* Dataset extract:
++++++++
definition Hop :: "nat \<Rightarrow> nat \<Rightarrow> (nat \<Rightarrow> complex) \<Rightarrow> (nat \<Rightarrow> complex) \<Rightarrow> nat \<Rightarrow> grass \<Rightarrow> grass" where
  "Hop k n \<alpha> z a f = (\<lambda>T.
      (\<Sum>i<n. \<alpha> i * E a i a i f T)
    + (\<Sum>b\<in>{..<k} - {a}. (1 / (z a - z b)) *
         (\<Sum>i<n. \<Sum>j<n. E a i a j (E b j b i f) T)))"

definition Hop' :: "nat \<Rightarrow> nat \<Rightarrow> (nat \<Rightarrow> complex) \<Rightarrow> (nat \<Rightarrow> complex) \<Rightarrow> nat \<Rightarrow> grass \<Rightarrow> grass" where
  "Hop' k n \<alpha> z i f = (\<lambda>T.
      (\<Sum>a<k. z a * E a i a i f T)
    + (\<Sum>j\<in>{..<n} - {i}. (1 / (\<alpha> j - \<alpha> i)) *
         (\<Sum>a<k. \<Sum>b<k. E a i b i (E b j a j f) T)))"

definition common_eigenspaces_one_dim :: "nat set \<Rightarrow> (nat \<Rightarrow> grass \<Rightarrow> grass) \<Rightarrow> grass set \<Rightarrow> bool" where
  "common_eigenspaces_one_dim I H V \<longleftrightarrow>
     (\<forall>\<mu> :: nat \<Rightarrow> complex.
        let Eig = {v \<in> V. \<forall>a\<in>I. H a v = (\<lambda>T. \<mu> a * v T)} in
        Eig \<noteq> {\<lambda>T. 0} \<longrightarrow> (\<exists>v. v \<noteq> (\<lambda>T. 0) \<and> Eig = {(\<lambda>T. c * v T) | c. True}))"

inductive polyfun :: "nat \<Rightarrow> nat \<Rightarrow> ((nat \<Rightarrow> complex) \<Rightarrow> (nat \<Rightarrow> complex) \<Rightarrow> complex) \<Rightarrow> bool"
  for n k where
  const: "polyfun n k (\<lambda>\<alpha> z. c)"
| avar: "i < n \<Longrightarrow> polyfun n k (\<lambda>\<alpha> z. \<alpha> i)"
| zvar: "a < k \<Longrightarrow> polyfun n k (\<lambda>\<alpha> z. z a)"
| add: "polyfun n k p \<Longrightarrow> polyfun n k q \<Longrightarrow> polyfun n k (\<lambda>\<alpha> z. p \<alpha> z + q \<alpha> z)"
| mult: "polyfun n k p \<Longrightarrow> polyfun n k q \<Longrightarrow> polyfun n k (\<lambda>\<alpha> z. p \<alpha> z * q \<alpha> z)"

definition generic :: "nat \<Rightarrow> nat \<Rightarrow> ((nat \<Rightarrow> complex) \<Rightarrow> (nat \<Rightarrow> complex) \<Rightarrow> bool) \<Rightarrow> bool" where
  "generic n k Q \<longleftrightarrow> (\<exists>P. polyfun n k P \<and> (\<exists>\<alpha> z. P \<alpha> z \<noteq> 0) \<and>
      (\<forall>\<alpha> z. inj_on \<alpha> {..<n} \<longrightarrow> inj_on z {..<k} \<longrightarrow> P \<alpha> z \<noteq> 0 \<longrightarrow> Q \<alpha> z))"

end

theory Submission
  imports Defs "Jordan_Normal_Form.Determinant" "HOL-Library.Nat_Bijection"
begin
++++++++
Each record above should be reproduced in full, exactly as it stands.

definition Hop :: "nat \<Rightarrow> nat \<Rightarrow> (nat \<Rightarrow> complex) \<Rightarrow> (nat \<Rightarrow> complex) \<Rightarrow> nat \<Rightarrow> grass \<Rightarrow> grass" where
  "Hop k n \<alpha> z a f = (\<lambda>T.
      (\<Sum>i<n. \<alpha> i * E a i a i f T)
    + (\<Sum>b\<in>{..<k} - {a}. (1 / (z a - z b)) *
         (\<Sum>i<n. \<Sum>j<n. E a i a j (E b j b i f) T)))"

definition Hop' :: "nat \<Rightarrow> nat \<Rightarrow> (nat \<Rightarrow> complex) \<Rightarrow> (nat \<Rightarrow> complex) \<Rightarrow> nat \<Rightarrow> grass \<Rightarrow> grass" where
  "Hop' k n \<alpha> z i f = (\<lambda>T.
      (\<Sum>a<k. z a * E a i a i f T)
    + (\<Sum>j\<in>{..<n} - {i}. (1 / (\<alpha> j - \<alpha> i)) *
         (\<Sum>a<k. \<Sum>b<k. E a i b i (E b j a j f) T)))"

definition common_eigenspaces_one_dim :: "nat set \<Rightarrow> (nat \<Rightarrow> grass \<Rightarrow> grass) \<Rightarrow> grass set \<Rightarrow> bool" where
  "common_eigenspaces_one_dim I H V \<longleftrightarrow>
     (\<forall>\<mu> :: nat \<Rightarrow> complex.
        let Eig = {v \<in> V. \<forall>a\<in>I. H a v = (\<lambda>T. \<mu> a * v T)} in
        Eig \<noteq> {\<lambda>T. 0} \<longrightarrow> (\<exists>v. v \<noteq> (\<lambda>T. 0) \<and> Eig = {(\<lambda>T. c * v T) | c. True}))"

inductive polyfun :: "nat \<Rightarrow> nat \<Rightarrow> ((nat \<Rightarrow> complex) \<Rightarrow> (nat \<Rightarrow> complex) \<Rightarrow> complex) \<Rightarrow> bool"
  for n k where
  const: "polyfun n k (\<lambda>\<alpha> z. c)"
| avar: "i < n \<Longrightarrow> polyfun n k (\<lambda>\<alpha> z. \<alpha> i)"
| zvar: "a < k \<Longrightarrow> polyfun n k (\<lambda>\<alpha> z. z a)"
| add: "polyfun n k p \<Longrightarrow> polyfun n k q \<Longrightarrow> polyfun n k (\<lambda>\<alpha> z. p \<alpha> z + q \<alpha> z)"
| mult: "polyfun n k p \<Longrightarrow> polyfun n k q \<Longrightarrow> polyfun n k (\<lambda>\<alpha> z. p \<alpha> z * q \<alpha> z)"

definition generic :: "nat \<Rightarrow> nat \<Rightarrow> ((nat \<Rightarrow> complex) \<Rightarrow> (nat \<Rightarrow> complex) \<Rightarrow> bool) \<Rightarrow> bool" where
  "generic n k Q \<longleftrightarrow> (\<exists>P. polyfun n k P \<and> (\<exists>\<alpha> z. P \<alpha> z \<noteq> 0) \<and>
      (\<forall>\<alpha> z. inj_on \<alpha> {..<n} \<longrightarrow> inj_on z {..<k} \<longrightarrow> P \<alpha> z \<noteq> 0 \<longrightarrow> Q \<alpha> z))"

end

theory Submission
  imports Defs "Jordan_Normal_Form.Determinant" "HOL-Library.Nat_Bijection"
begin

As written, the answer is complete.